> _Problem to solve_: In the listing that follows, the range to quote begins at the line that has "using both_one_bounds[of x]" and ends after the line that has "unfolding both_one_def[abs_def] by"; quote it verbatim and add nothing.

> _Task material_:
· · ·

(* Let $\mathcal G$ be an $\mathrm{MD}_{n-2}(n)$-algebra with $n\geq6$. (1) If $\dim\mathcal G^1=1$, then $\mathcal G\cong\mathfrak h_{2m+1}\oplus\mathbb R$ with $2m=n-2$. (2) If $\dim\mathcal G^1=2$ and $\mathcal G^1$ is not contained in the centre of $\mathcal G$, then $\mathcal G\cong\operatorname{aff}(\mathbb C)\oplus\mathbb R^2$.
   Context: All Lie algebras are finite-dimensional over $\mathbb R$; $\mathcal G^1=[\mathcal G,\mathcal G]$. An $\mathrm{MD}_k(n)$-algebra is an $n$-dimensional real solvable Lie algebra all of whose non-trivial coadjoint orbits (orbits of the coadjoint action of its connected simply connected Lie group; $\dim\Omega_F=\operatorname{rank}(F([x_i,x_j]))$, non-trivial iff $F|_{\mathcal G^1}\ne0$) have dimension $k$. $\mathfrak h_{2m+1}$ is the Heisenberg algebra with basis $x_1,\dots,x_m,y_1,\dots,y_m,z$ and nonzero brackets $[x_i,y_i]=z$. $\operatorname{aff}(\mathbb C)$ has basis $x_1,x_2,y_1,y_2$ with nonzero brackets $[x_1,y_1]=y_1$, $[x_1,y_2]=y_2$, $[x_2,y_1]=-y_2$, $[x_2,y_2]=y_1$. Direct sums are Lie algebra direct sums, $\mathbb R^k$ abelian. *)

theory Defs
  imports "HOL-Analysis.Analysis"
begin

text \<open>A finite-dimensional real Lie algebra is modelled as a euclidean space type
  (a finite-dimensional real vector space) with a bracket operation.\<close>

definition lie_algebra :: "('a::euclidean_space \<Rightarrow> 'a \<Rightarrow> 'a) \<Rightarrow> bool" where
  "lie_algebra br \<longleftrightarrow> bilinear br \<and> (\<forall>x. br x x = 0) \<and>
     (\<forall>x y z. br x (br y z) + br y (br z x) + br z (br x y) = 0)"
section \<open>Forks: SP1 t and SP2 t for t \<ge> 5\<close>

lemma pair_collision:
  assumes lc: "local_coloring n 3 H k f"
    and obs: "x < n" "y < n" and c: "c < n" "c \<notin> S"
    and S: "S \<subseteq> {..<n}" "2 * k ^ 2 + 2 \<le> card S"
  obtains r1 r2 r3 r4 where "distinct [r1, r2, r3, r4]" "{r1, r2, r3, r4} \<subseteq> S"
    and "\<forall>u\<in>{x, y}. f u {c, r1, r2} = f u {c, r3, r4}"
proof -
  have "finite S" using S(1) finite_subset by blast
  define ws where "ws = sorted_list_of_set S"
  have ws: "distinct ws" "set ws = S" "length ws = card S"
    using \<open>finite S\<close> by (simp_all add: ws_def)
  define col where "col s = (f x {c, ws ! (2*s), ws ! (2*s+1)}, f y {c, ws ! (2*s), ws ! (2*s+1)})" for s
  have pair: "ws ! (2*s) \<in> S" "ws ! (2*s+1) \<in> S" "ws ! (2*s) \<noteq> ws ! (2*s+1)" if "s < k^2 + 1" for s
  proof -
    have "2*s+1 < length ws" using that S(2) ws(3) by linarith
    then show "ws ! (2*s) \<in> S" "ws ! (2*s+1) \<in> S" "ws ! (2*s) \<noteq> ws ! (2*s+1)"
      using ws by (auto simp: nth_eq_iff_index_eq)
  qed
  have "col ` {..<k^2 + 1} \<subseteq> {..<k} \<times> {..<k}"
  proof -
    have "f u {c, ws ! (2*s), ws ! (2*s+1)} < k" if "u < n" "s < k^2 + 1" for u s
    proof (rule local_coloring_colour_lt[OF lc that(1)])
      have "c \<noteq> ws ! (2*s)" "c \<noteq> ws ! (2*s+1)" using pair[OF that(2)] c(2) by auto
      then show "{c, ws ! (2*s), ws ! (2*s+1)} \<subseteq> {..<n}" "card {c, ws ! (2*s), ws ! (2*s+1)} = 3"
        using pair[OF that(2)] c(1) S(1) by auto
    qed
    then show ?thesis using obs by (auto simp: col_def)
  qed
  then obtain s s' where "s \<in> {..<k^2 + 1}" "s' \<in> {..<k^2 + 1}" "s \<noteq> s'" "col s = col s'"
    by (rule colour_collision) (simp_all add: card_cartesian_product power2_eq_square)
  moreover have "2*s \<noteq> 2*s'+1" "2*s+1 \<noteq> 2*s'" by presburger+
  moreover have "2*s+1 < length ws" "2*s'+1 < length ws" using calculation(1,2) S(2) ws(3) by auto
  ultimately show thesis
    using that[of "ws ! (2*s)" "ws ! (2*s+1)" "ws ! (2*s')" "ws ! (2*s'+1)"] pair ws(1)
    by (auto simp: col_def nth_eq_iff_index_eq)
qed
section \<open>Attaining the bounds\<close>

locale coupling_model = obs_model M P e \<mu>
  for M :: "'x measure" and P e \<mu> +
  fixes l :: real
  assumes l_nonneg: "0 \<le> l" and l_le_1: "l \<le> 1"
begin

definition both_one :: "'x \<Rightarrow> real" where
  "both_one x = (1 - l) * min (outcome_mean x False) (outcome_mean x True)
     + l * max 0 (outcome_mean x False + outcome_mean x True - 1)"

definition coupling_prob :: "'x \<Rightarrow> bool \<Rightarrow> bool \<Rightarrow> real" where
  "coupling_prob x y0 y1 =
     (if y0 then (if y1 then both_one x else outcome_mean x False - both_one x)
      else (if y1 then outcome_mean x True - both_one x
            else 1 - outcome_mean x False - outcome_mean x True + both_one x))"

definition joint_weight :: "'x \<Rightarrow> bool \<times> bool \<times> bool \<Rightarrow> real" where
  "joint_weight x t = propensity x (fst t) * coupling_prob x (fst (snd t)) (snd (snd t))"

text \<open>The full law draws \<open>X\<close> from its \<open>P\<close>-marginal, then \<open>A\<close> with the propensity and, independently
  of \<open>A\<close>, a pair \<open>(Y(0), Y(1))\<close> with the prescribed marginals whose probability of \<open>Y(0) = Y(1) = 1\<close>
  interpolates between the Fr\'echet bounds \<open>min \<mu>\<^sub>0 \<mu>\<^sub>1\<close> (\<open>l = 0\<close>) and \<open>max 0 (\<mu>\<^sub>0 + \<mu>\<^sub>1 - 1)\<close> (\<open>l = 1\<close>).\<close>

definition coupling_law :: "'x full measure" where
  "coupling_law = density (distr P M oX \<Otimes>\<^sub>M count_space UNIV) (\<lambda>w. ennreal (joint_weight (fst w) (snd w)))"

lemma both_one_bounds:
  "max 0 (outcome_mean x False + outcome_mean x True - 1) \<le> both_one x"
  "both_one x \<le> min (outcome_mean x False) (outcome_mean x True)"
proof -
  let ?lo = "max 0 (outcome_mean x False + outcome_mean x True - 1)"
  let ?hi = "min (outcome_mean x False) (outcome_mean x True)"
  have "?lo \<le> ?hi"
    using outcome_mean_bounds[of x False] outcome_mean_bounds[of x True] by linarith
  then have "0 \<le> (1 - l) * (?hi - ?lo)" "0 \<le> l * (?hi - ?lo)"
    using l_nonneg l_le_1 by simp_all
  moreover have "both_one x = ?lo + (1 - l) * (?hi - ?lo)" "both_one x = ?hi - l * (?hi - ?lo)"
    unfolding both_one_def by (simp_all add: algebra_simps)
  ultimately show "?lo \<le> both_one x" "both_one x \<le> ?hi"
    by linarith+
qed

lemma joint_weight_nonneg: "0 \<le> joint_weight x t"
  using both_one_bounds[of x]
  by (auto simp: joint_weight_def coupling_prob_def intro!: mult_nonneg_nonneg)

lemma sum_joint_weight: "(\<Sum>t\<in>UNIV. joint_weight x t) = 1"
  unfolding joint_weight_def sum_UNIV_bool_triple
  by (simp add: coupling_prob_def propensity_def algebra_simps)

lemma joint_weight_measurable [measurable]: "(\<lambda>x. joint_weight x t) \<in> borel_measurable M"
proof -
  have [measurable]: "both_one \<in> borel_measurable M"
    unfolding both_one_def[abs_def] by measurable
  have [measurable]: "(\<lambda>x. coupling_prob x y0 y1) \<in> borel_measurable M" for y0 y1
    by (cases y0; cases y1; simp only: coupling_prob_def if_True if_False; measurable)
  show ?thesis
    unfolding joint_weight_def by measurable
qed

lemma joint_weight_measurable_pair [measurable]:
  "(\<lambda>w. joint_weight (fst w) (snd w)) \<in> borel_measurable (M \<Otimes>\<^sub>M count_space UNIV)"
  by (rule measurable_compose_countable'[where f="\<lambda>t w. joint_weight (fst w) t" and I=UNIV])
     (simp_all add: measurable_compose[OF measurable_fst])

lemma sets_coupling_law: "sets coupling_law = sets (M \<Otimes>\<^sub>M count_space UNIV)"
  unfolding coupling_law_def by (simp add: sets_pair_measure_cong)

lemma measurable_coupling_law: "measurable coupling_law = measurable (M \<Otimes>\<^sub>M count_space UNIV)"
  by (intro ext measurable_cong_sets) (simp_all add: sets_coupling_law)

lemmas fX_measurable_coupling_law [measurable] = fX_measurable[of M "count_space UNIV", folded measurable_coupling_law]
lemmas fA_measurable_coupling_law [measurable] = fA_measurable[where M=M, folded measurable_coupling_law]
lemmas pot_measurable_coupling_law [measurable] = pot_measurable[where M=M, folded measurable_coupling_law]

lemma nn_integral_coupling_law:
  assumes "g \<in> borel_measurable (M \<Otimes>\<^sub>M count_space UNIV)"
  shows "(\<integral>\<^sup>+w. g w \<partial>coupling_law)
       = (\<integral>\<^sup>+z. (\<Sum>t\<in>UNIV. ennreal (joint_weight (oX z) t) * g (oX z, t)) \<partial>P)"
proof -
  interpret count: sigma_finite_measure "count_space (UNIV :: (bool \<times> bool \<times> bool) set)"
    by (rule sigma_finite_measure_count_space_finite) simp
  have meas: "measurable (distr P M oX \<Otimes>\<^sub>M count_space UNIV) = measurable (M \<Otimes>\<^sub>M count_space UNIV)"
    by (intro ext measurable_cong_sets sets_pair_measure_cong) simp_all
  have [measurable]: "g \<in> borel_measurable (distr P M oX \<Otimes>\<^sub>M count_space UNIV)"
    "(\<lambda>w. ennreal (joint_weight (fst w) (snd w))) \<in> borel_measurable (distr P M oX \<Otimes>\<^sub>M count_space UNIV)"
    using assms by (simp_all add: meas)
  have "(\<integral>\<^sup>+w. g w \<partial>coupling_law)
      = (\<integral>\<^sup>+w. ennreal (joint_weight (fst w) (snd w)) * g w \<partial>(distr P M oX \<Otimes>\<^sub>M count_space UNIV))"
    unfolding coupling_law_def by (rule nn_integral_density) measurable
  also have "\<dots> = (\<integral>\<^sup>+x. (\<integral>\<^sup>+t. ennreal (joint_weight x t) * g (x, t) \<partial>count_space UNIV) \<partial>distr P M oX)"
    using count.nn_integral_fst[of "\<lambda>w. ennreal (joint_weight (fst w) (snd w)) * g w" "distr P M oX"]
    by simp
  also have "\<dots> = (\<integral>\<^sup>+x. (\<Sum>t\<in>UNIV. ennreal (joint_weight x t) * g (x, t)) \<partial>distr P M oX)"
    by (simp add: nn_integral_count_space_finite)
  also have "\<dots> = (\<integral>\<^sup>+z. (\<Sum>t\<in>UNIV. ennreal (joint_weight (oX z) t) * g (oX z, t)) \<partial>P)"
    using assms by (intro nn_integral_distr) simp_all
  finally show ?thesis .
qed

· · ·

> _The completed task_:
  using both_one_bounds[of x]
  by (auto simp: joint_weight_def coupling_prob_def intro!: mult_nonneg_nonneg)

lemma sum_joint_weight: "(\<Sum>t\<in>UNIV. joint_weight x t) = 1"
  unfolding joint_weight_def sum_UNIV_bool_triple
  by (simp add: coupling_prob_def propensity_def algebra_simps)

lemma joint_weight_measurable [measurable]: "(\<lambda>x. joint_weight x t) \<in> borel_measurable M"
proof -
  have [measurable]: "both_one \<in> borel_measurable M"
    unfolding both_one_def[abs_def] by measurable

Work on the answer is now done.